Bitcoin, Ether Hit New Highs as Crypto Markets Top $3 Trillion as Inflation Fears Jump

Boosted by the rapid rise of Bitcoin and Ether, crypto markets are now valued at more than $3 trillion.

It was only this past August when crypto markets surpassed $2 trillion in value so the gain has been pretty spectacular.

Both Bitcoin and Ether have risen around 7% just this week with Bitcoin trading around $68,000 and Ether pushing $5,000.

Jodie M Gunzberg, Managing Director of  CoinDesk Indexes – who was formerly a top Morgan Stanely executive, outlines the reasons for the rapid rise. She believes that Bitcoin and Ether are viewed as inflation hedges during a time of heightened inflation and more government spending that will certainly drive the value of the dollar lower along with an expectation that eventually, a Bitcoin ETF will emerge.

“Investing in BTC and ETH is a more direct and concentrated way for capturing inflation risk, meaning there is more inflation beta per dollar invested. Bitcoin also does well with inflation relative to other assets, even commodities that are also priced in dollars.  It’s a great bang for your buck to use BTC and ETH for inflation protection,” says Gunzberg. “BTC and ETH are priced in dollars so their sensitivity to inflation is high. A 1% increase in inflation results in a 183% increase in return of ETH over three years.  This is triple the inflation beta of bitcoin, which is already about 4.5x commodities.”

Regarding ETFs, Gunzber says that if approved assets will flow in thus driving price in a simple demand and supply event.

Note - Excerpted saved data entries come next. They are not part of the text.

(* Let $\Delta>0$, $h>0$, $\alpha\ge 2$, $\mathrm{psd}_{\max}>0$, $\sigma^2>0$. For integers $i,j$ with $i\equiv j \pmod 2$ place a satellite at $\mathbf{s}_{i,j}=(i\Delta/2,\ j\Delta\sqrt3/2,\ h)$, and consider a ground user at $\mathbf{g}=(x,y,0)$, served by the satellite $\mathbf{s}_{0,0}$. Define $D_{i,j}(x,y)=\|\mathbf{s}_{i,j}-\mathbf{g}\|$, $\theta_{i,j}(x,y)=\cos^{-1}\bigl(h/D_{i,j}(x,y)\bigr)$, and $W_{i,j}(x,y)=w_s(\theta_{i,j}(x,y))\,w_g(\theta_{i,j}(x,y))$, where $w_s,w_g:[0,\pi]\to(0,1]$ are the (normalized) satellite and ground antenna patterns. Let $\mathcal{I}=\{(i,j)\in\mathbb{Z}^2: i\equiv j \pmod 2\}\setminus\{(0,0)\}$ and $$\mathrm{SNR}(x,y)=\frac{\mathrm{psd}_{\max}}{\sigma^2}D_{0,0}^{-\alpha}(x,y)W_{0,0}(x,y),\quad \mathrm{INR}(x,y)=\frac{\mathrm{psd}_{\max}}{\sigma^2}\sum_{(i,j)\in\mathcal{I}}D_{i,j}^{-\alpha}(x,y)W_{i,j}(x,y),$$ (assumed finite), and $\mathrm{SINR}(x,y)=\mathrm{SNR}(x,y)/(\mathrm{INR}(x,y)+1)$. Suppose (1) $\theta\mapsto w_s(\theta)w_g(\theta)$ is monotone decreasing on $[0,\pi]$, and (2) for every $(i,j)$ with $i\equiv j\pmod 2$, the ratio $W_{i,j}(x,y)/W_{0,0}(x,y)$ is convex in $x$ and convex in $y$ on the region $-\Delta/2\le x\le\Delta/2$, $-\Delta\sqrt3/2\le y\le \Delta\sqrt3/2$. Then $\mathrm{SINR}(x,y)$ is maximized over $(x,y)\in\mathbb{R}^2$ at $(x,y)=(0,0)$.
   Context: Planar model of a LEO downlink: satellites lie on a hexagonal lattice in the plane at altitude $h$ above the ground plane, all satellite antennas point straight down and all ground antennas point straight up, so the off-axis angle at both ends of a link is $\theta_{i,j}(x,y)$. All satellites transmit at power spectral density $\mathrm{psd}_{\max}$. *)

theory Defs
  imports "HOL-Analysis.Analysis"
begin

text \<open>Satellite s_{i,j} = (i Delta/2, j Delta sqrt 3/2, h) in R^3 (as real x real x real,
  whose product norm is the Euclidean norm).\<close>
definition sat_pos :: "real \<Rightarrow> real \<Rightarrow> int \<Rightarrow> int \<Rightarrow> real \<times> real \<times> real" where
  "sat_pos \<Delta> h i j = (real_of_int i * \<Delta> / 2, real_of_int j * \<Delta> * sqrt 3 / 2, h)"

definition Dij :: "real \<Rightarrow> real \<Rightarrow> int \<Rightarrow> int \<Rightarrow> real \<Rightarrow> real \<Rightarrow> real" where
  "Dij \<Delta> h i j x y = norm (sat_pos \<Delta> h i j - (x, y, 0))"

definition theta :: "real \<Rightarrow> real \<Rightarrow> int \<Rightarrow> int \<Rightarrow> real \<Rightarrow> real \<Rightarrow> real" where
  "theta \<Delta> h i j x y = arccos (h / Dij \<Delta> h i j x y)"

definition Wij :: "(real \<Rightarrow> real) \<Rightarrow> (real \<Rightarrow> real) \<Rightarrow> real \<Rightarrow> real \<Rightarrow> int \<Rightarrow> int \<Rightarrow> real \<Rightarrow> real \<Rightarrow> real" where
  "Wij ws wg \<Delta> h i j x y = ws (theta \<Delta> h i j x y) * wg (theta \<Delta> h i j x y)"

“It will also create a more costly role for investors holding the futures-based ETFs as the expectation of spot prices in the future rises. This will cause a bigger gap in the outperformance of spot ETFs vs futures ETFs as prices rise, which could either lead to asset flows out of the futures-based ETF and into the spot ETF, or could lead to investors going long the spot ETF and short the futures to gain from the roll yield in rising markets.”

Gaurav Dahake, CEO & co-founder Bitbns, also shared his perspective on the rapid rise in crypto markets value noting that crypto markets are growing at an exponential pace:

“While Bitcoin has quadrupled over the last year, it has grown by more than 50% in the last 2-3 months alone. This showcases the accelerated growth rate and implies that crypto is rapidly emerging from the shadows of an emerging asset class to becoming a mainstream investment option. Just a decade old Crypto and Bitcoin, in particular, is now being compared to traditional investment assets such as Gold which further authenticates cryptocurrency as the best performing asset class of the 21st century. Besides millennial and Gen Z investors, breeding a global social movement, there is a tremendous interest for digital assets which we are seeing almost every day – both in retail and institutional. The recent surge in meme coins such as Shibu Inu and Dogecoin also have rendered a spill-over impact further fueling the growth. Most importantly there has been a drastic shift in the narrative since the government has taken a positive stance and the latest being that the finance ministry now aiming to fast-track the modified cryptocurrency bill at the start of the winter session comes in as a huge encouragement for the entire industry.”

Since the “infrastructure” bill will become law, and there is a chance that Build Back Better may become the largest spending bill of all time, inflation may charge dramatically higher. Thus both retail and institutional money are seeking safe havens as government spending careens off the rails.